The purpose of the jury poll is to uncover doubt or confusion of individual jurors, Johnson v. United States, 360 A.2d 502, 505 (D.C.1976), to eliminate uncertainty concerning the verdict, Arnold v. United States, 511 A.2d 399, 417 (D.C.1986); United States v. Mathis, 175 U.S.App.D.C. 341, 345, 535 F.2d 1303, 1307 (1976), and to assure that no juror is coerced to join in a verdict with which the juror does not agree. Arnold, 511 A.2d at 417. The trial court has substantial discretion to decide how to poll the jury, United States v. Mangieri, 224 U.S.App.D.C. 295, 307, 694 F.2d 1270, 1282 (1982), and once a poll has shown a lack of unanimity the trial court may either order further deliberations or declare a mistrial on the counts reflecting disagreement. Kendall v. United States, 349 A.2d 464, 467 (D.C.1975). See Super.Ct.Crim.R. 31(d).

In arguing their respective positions, appellant relies primarily on Crowder v. United States, 383 A.2d 336, 341-43 (D.C.1978), while the government stresses Artis v. United States, 505 A.2d 52, 58 (D.C.), cert. denied, 479 U.S. 964, 107 S.Ct. 464, 93 L.Ed.2d 409 (1986). In Crowder, a juror was obviously the lone dissenter because that juror was the twelfth one polled after all other jurors had announced “guilty.” In that context, we reversed for abuse of discretion in not discharging the jury and declaring a mistrial. We concluded that the lone juror might reasonably have interpreted the trial court’s direction, returning the jury to deliberate, as a message to change the juror’s vote — especially because that juror had expressed her lone dissent for “lack of evidence,” not out of apparent confusion. Crowder, 383 A.2d at 342.

By contrast, in Artis the trial court cut short the jury poll on count four when juror number one said the defendant was “not guilty” (although the court continued to take unanimous verdicts on the other counts). Artis, 505 A.2d at 57. There was no indication about the votes of the other eleven jurors on count four. We accordingly ruled that the court had not committed plain error in failing to give a cautionary instruction (which had not been requested) when the trial court ordered further deliberation on count four. We said that the juror who had voted “not guilty” during the poll was not likely to have felt coerced because that juror had not been “isolated as a sole dissenter.” Id. at 58. We also noted that other jurors were not likely to have felt coerced “because the numerical split of the jury on count four was not revealed in open court.” Id.; see Crowder, 383 A.2d at 343 n. 14.

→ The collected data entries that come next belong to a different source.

(* Let $\mathscr{O}\subset\mathbb{R}^n$ be non-empty and compact, $\lambda>0$ and $\mathfrak{c}>0$. Define $$R_{\mathfrak{c}}(x,\mathscr{O}):=\inf_{\alpha}\int_0^\infty\Big(\tfrac12|\alpha(s)|^2+\tfrac{\mathfrak{c}}2\operatorname{dist}(y^\alpha_x(s),\mathscr{O})^2\Big)e^{-\lambda s}\,ds,$$ where the infimum is over all measurable essentially bounded $\alpha:[0,\infty)\to\mathbb{R}^n$ and $y^\alpha_x(t)=x+\int_0^t\alpha(s)\,ds$. Then for all $x\in\mathbb{R}^n$, $$R_{\mathfrak{c}}(x,\mathscr{O})=C\,\operatorname{dist}(x,\mathscr{O})^2,\qquad C=\frac{-\lambda+\sqrt{\lambda^2+4\mathfrak{c}}}{4}>0.$$
   Context: $\operatorname{dist}(x,\mathscr{O})=\min_{z\in\mathscr{O}}|x-z|$ denotes the Euclidean distance to the set. *)

theory Defs
  imports "HOL-Analysis.Analysis"
begin

definition admissible_control :: "(real \<Rightarrow> 'a::euclidean_space) \<Rightarrow> bool" where
  "admissible_control \<alpha> \<longleftrightarrow>
     set_borel_measurable lebesgue {0..} \<alpha> \<and>
     (\<exists>B. AE s in lebesgue. s \<in> {0..} \<longrightarrow> norm (\<alpha> s) \<le> B)"

definition traj :: "'a::euclidean_space \<Rightarrow> (real \<Rightarrow> 'a) \<Rightarrow> real \<Rightarrow> 'a" where
  "traj x \<alpha> t = x + (LINT s:{0..t}|lebesgue. \<alpha> s)"

definition cost :: "real \<Rightarrow> real \<Rightarrow> 'a::euclidean_space set \<Rightarrow> 'a \<Rightarrow> (real \<Rightarrow> 'a) \<Rightarrow> ennreal" where
  "cost c lam Obs x \<alpha> =
     (\<integral>\<^sup>+ s. ennreal ((1/2 * (norm (\<alpha> s))\<^sup>2 + c/2 * (infdist (traj x \<alpha> s) Obs)\<^sup>2) * exp (- lam * s))
             * indicator {0..} s \<partial>lebesgue)"

definition R_val :: "real \<Rightarrow> real \<Rightarrow> 'a::euclidean_space \<Rightarrow> 'a set \<Rightarrow> ennreal" where
  "R_val c lam x Obs = (INF \<alpha> \<in> {\<alpha>. admissible_control \<alpha>}. cost c lam Obs x \<alpha>)"

end

theory Submission
  imports Defs "HOL-Real_Asymp.Real_Asymp"
begin

(* Let d be the distance to O and V(y) = C d(y)^2, where C is the positive root of
   4 C^2 + 2 lam C = c. Steering towards a nearest point p with the feedback
   alpha = -2C (y - p) gives y(s) = p + e^{-2Cs} (x - p), whose cost is exactly V(x).
   Conversely, along a bounded control r(t) = d(y(t)) is Lipschitz with |r'| <= |alpha|, and
   completing the square, 2 C r |a| + lam C r^2 <= |a|^2/2 + c r^2/2, makes
   V(y(t)) e^{-lam t} + (cost accumulated on [0,t]) nondecreasing in t. As r need not be
   differentiable, this is checked on steps of length h up to an O(h^2) error and summed over
   finer and finer partitions. Since V(y(T)) grows at most quadratically in T, the discount
   kills it as T -> infinity, leaving V(x) <= cost. *)

lemma quadratic_value_HJB_inequality:
  fixes C lam c r u :: real
  assumes "c = 4*C^2 + 2*lam*C"
  shows "2*C*r*u + lam*C*r^2 \<le> u^2/2 + c/2*r^2"
proof -
  have "u^2/2 + c/2*r^2 - (2*C*r*u + lam*C*r^2) = (u - 2*C*r)^2/2"
    using assms by (simp add: power2_eq_square algebra_simps)
  moreover have "0 \<le> (u - 2*C*r)^2/2" by simp
  ultimately show ?thesis by linarith
qed

lemma positive_root_quadratic:
  fixes lam c :: real
  assumes "c > 0"
  defines "C \<equiv> (- lam + sqrt (lam^2 + 4*c)) / 4"
  shows "C > 0" and "c = 4*C^2 + 2*lam*C"
proof -
  define S where "S = sqrt (lam^2 + 4*c)"
  have S2: "S^2 = lam^2 + 4*c"
    unfolding S_def using assms(1) by (auto intro: add_nonneg_nonneg)
  have "\<bar>lam\<bar> < S"
    unfolding S_def using assms(1) real_sqrt_less_mono[of "lam^2" "lam^2 + 4*c"] by simp
  then show "C > 0" unfolding C_def S_def[symmetric] by simp
  have "4*C^2 + 2*lam*C = (S^2 - lam^2)/4"
    unfolding C_def S_def[symmetric] by (simp add: power2_eq_square field_simps)
  then show "c = 4*C^2 + 2*lam*C" using S2 by simp
qed

lemma le_endpoint_of_quadratic_defect:
  fixes g :: "real \<Rightarrow> real"
  assumes "a < b" "0 < \<delta>"
    and step: "\<And>t h. a \<le> t \<Longrightarrow> 0 < h \<Longrightarrow> h \<le> \<delta> \<Longrightarrow> t + h \<le> b \<Longrightarrow> g t \<le> g (t + h) + K * h^2"
  shows "g a \<le> g b"
proof -
  have telescope: "g a \<le> g (a + real k * h) + real k * K * h^2"
    if h: "0 < h" "h \<le> \<delta>" and k: "a + real k * h \<le> b" for k h
    using k
  proof (induction k)
    case (Suc k)
    have b: "a + real k * h + h \<le> b" using Suc.prems by (simp add: algebra_simps)
    then have "g (a + real k * h) \<le> g (a + real k * h + h) + K * h^2"
      using step h by simp
    moreover have "g a \<le> g (a + real k * h) + real k * K * h^2"
      using Suc.IH b h by simp
    ultimately show ?case by (simp add: algebra_simps)
  qed simp
  define N where "N = nat \<lceil>(b - a) / \<delta>\<rceil> + 1"
  have "g a \<le> g b + K * (b - a)^2 / real n" if n: "n \<ge> N" for n
  proof -
    have n0: "real n > 0" using n unfolding N_def by simp
    have "(b - a) / \<delta> < real n" using n unfolding N_def by linarith
    then have h: "0 < (b - a) / real n" "(b - a) / real n \<le> \<delta>"
      using assms(1,2) n0 by (auto simp: field_simps)
    have "g a \<le> g (a + real n * ((b - a) / real n)) + real n * K * ((b - a) / real n)^2"
      by (rule telescope[OF h]) (use n0 in simp)
    then show ?thesis using n0 by (simp add: power2_eq_square)
  qed
  moreover have "(\<lambda>n. g b + K * (b - a)^2 / real n) \<longlonglongrightarrow> g b + 0"
    by (intro tendsto_add tendsto_const lim_const_over_n)
  ultimately show ?thesis
    using LIMSEQ_le_const[of _ "g b + 0" "g a"] by auto
qed

(* One step of the verification argument for C r^2 e^{-lam t}: r1, r2 are the distances at
   the two ends of the step, A bounds the path length in between, w is the discount at the end. *)
lemma quadratic_value_increment:
  fixes C lam h M A B r1 r2 w :: real
  assumes "0 < C" "0 \<le> lam" "0 \<le> h" "lam * h \<le> 1"
    and r: "0 \<le> r1" "r1 \<le> M" "0 \<le> r2" and A: "\<bar>r1 - r2\<bar> \<le> A" "A \<le> B * h"
    and w: "0 \<le> w" "w \<le> 1"
  shows "C*r1^2*(w*exp(lam*h))
           \<le> C*r2^2*w + w*(2*C*r1*A + lam*C*r1^2*h) + (C*B^2 + C*M^2*lam^2)*h^2"
proof -
  have A0: "0 \<le> A" using A by linarith
  have "r1^2 - r2^2 = (r1 - r2)*(r1 + r2)" by (simp add: power2_eq_square algebra_simps)
  also have "\<dots> \<le> A*(r1 + r2)" using A r by (intro mult_right_mono) auto
  also have "\<dots> \<le> A*(2*r1 + A)" using A A0 by (intro mult_left_mono) auto
  finally have "C*(r1^2 - r2^2) \<le> C*(A*(2*r1 + A))"
    using assms(1) by (simp add: mult_left_mono)
  then have sq: "C*(r1^2 - r2^2) \<le> 2*C*r1*A + C*A^2"
    by (simp add: algebra_simps power2_eq_square)
  have "exp (lam*h) - 1 \<le> lam*h + (lam*h)^2"
    using exp_bound[of "lam*h"] assms(2-4) by simp
  then have "C*r1^2*(exp (lam*h) - 1) \<le> C*r1^2*(lam*h + (lam*h)^2)"
    using assms(1) by (intro mult_left_mono) auto
  then have ex: "C*r1^2*(exp (lam*h) - 1) \<le> lam*C*r1^2*h + C*r1^2*lam^2*h^2"
    by (simp add: algebra_simps)
  have "A^2 \<le> B^2*h^2" using power_mono[OF A(2) A0, of 2] by (simp add: power_mult_distrib)
  moreover have "r1^2 \<le> M^2" using r by (intro power_mono) auto
  ultimately have "C*A^2 + C*(r1^2*(lam*h)^2) \<le> C*(B^2*h^2) + C*(M^2*(lam*h)^2)"
    using assms(1) by (intro add_mono mult_left_mono mult_right_mono) auto
  then have err: "C*A^2 + C*r1^2*lam^2*h^2 \<le> (C*B^2 + C*M^2*lam^2)*h^2"
    by (simp add: algebra_simps)
  have "C*r1^2*(w*exp(lam*h)) - C*r2^2*w = w*(C*(r1^2 - r2^2) + C*r1^2*(exp (lam*h) - 1))"
    by (simp add: algebra_simps)
  also have "\<dots> \<le> w*(2*C*r1*A + lam*C*r1^2*h + (C*A^2 + C*r1^2*lam^2*h^2))"
    using sq ex w by (intro mult_left_mono) auto
  also have "\<dots> = w*(2*C*r1*A + lam*C*r1^2*h) + w*(C*A^2 + C*r1^2*lam^2*h^2)"
    by (simp add: distrib_left)
  also have "\<dots> \<le> w*(2*C*r1*A + lam*C*r1^2*h) + (C*A^2 + C*r1^2*lam^2*h^2)"
    using w assms(1) by (intro add_left_mono mult_left_le_one_le) auto
  finally show ?thesis using err by linarith
qed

We agree with the government that Artis governs here. We note, first, that Austin did not request at trial the kind of inquiry or cautionary instruction he now insists the court should have initiated; thus, as in Artis, we review for plain error. See Artis, 505 A.2d at 58.3 We find none. *705On each occasion, the trial court immediately discontinued the poll and ordered further deliberations when juror number one responded “not guilty.” At no point did the trial court know whether juror number one was a lone dissenter, for the other eleven jurors were never polled. Furthermore, because the numerical split of the jurors was not revealed in open court, other jurors may have been more willing to consider the dissenter’s concerns during renewed deliberations than they would have been “if they had already given a contrary opinion in open court, when polled.” Crowder, 383 A.2d at 343 n. 14. Under these circumstances, it is unlikely that the judge’s action intimidated juror number one or any other juror.

B.

Austin further contends, however, that such a simple application of Artis misses the point. He emphasizes that the first juror must have felt isolated after the second poll, if not after the first, because by that time “juror number one at least must have perceived himself to be the lone dissenter.” That observation, however, does not carry Austin’s argument far enough. The concern is not that a juror may recognize he or she is the lone dissenter; that is often the case in the jury room. The concern, rather, is that the juror will believe the judge knows he or she is the lone dissenter, and thus will believe the judge has ordered further deliberations to coerce a change of mind. See Artis, 505 A.2d at 58. On this record, this concern is substantially overstated.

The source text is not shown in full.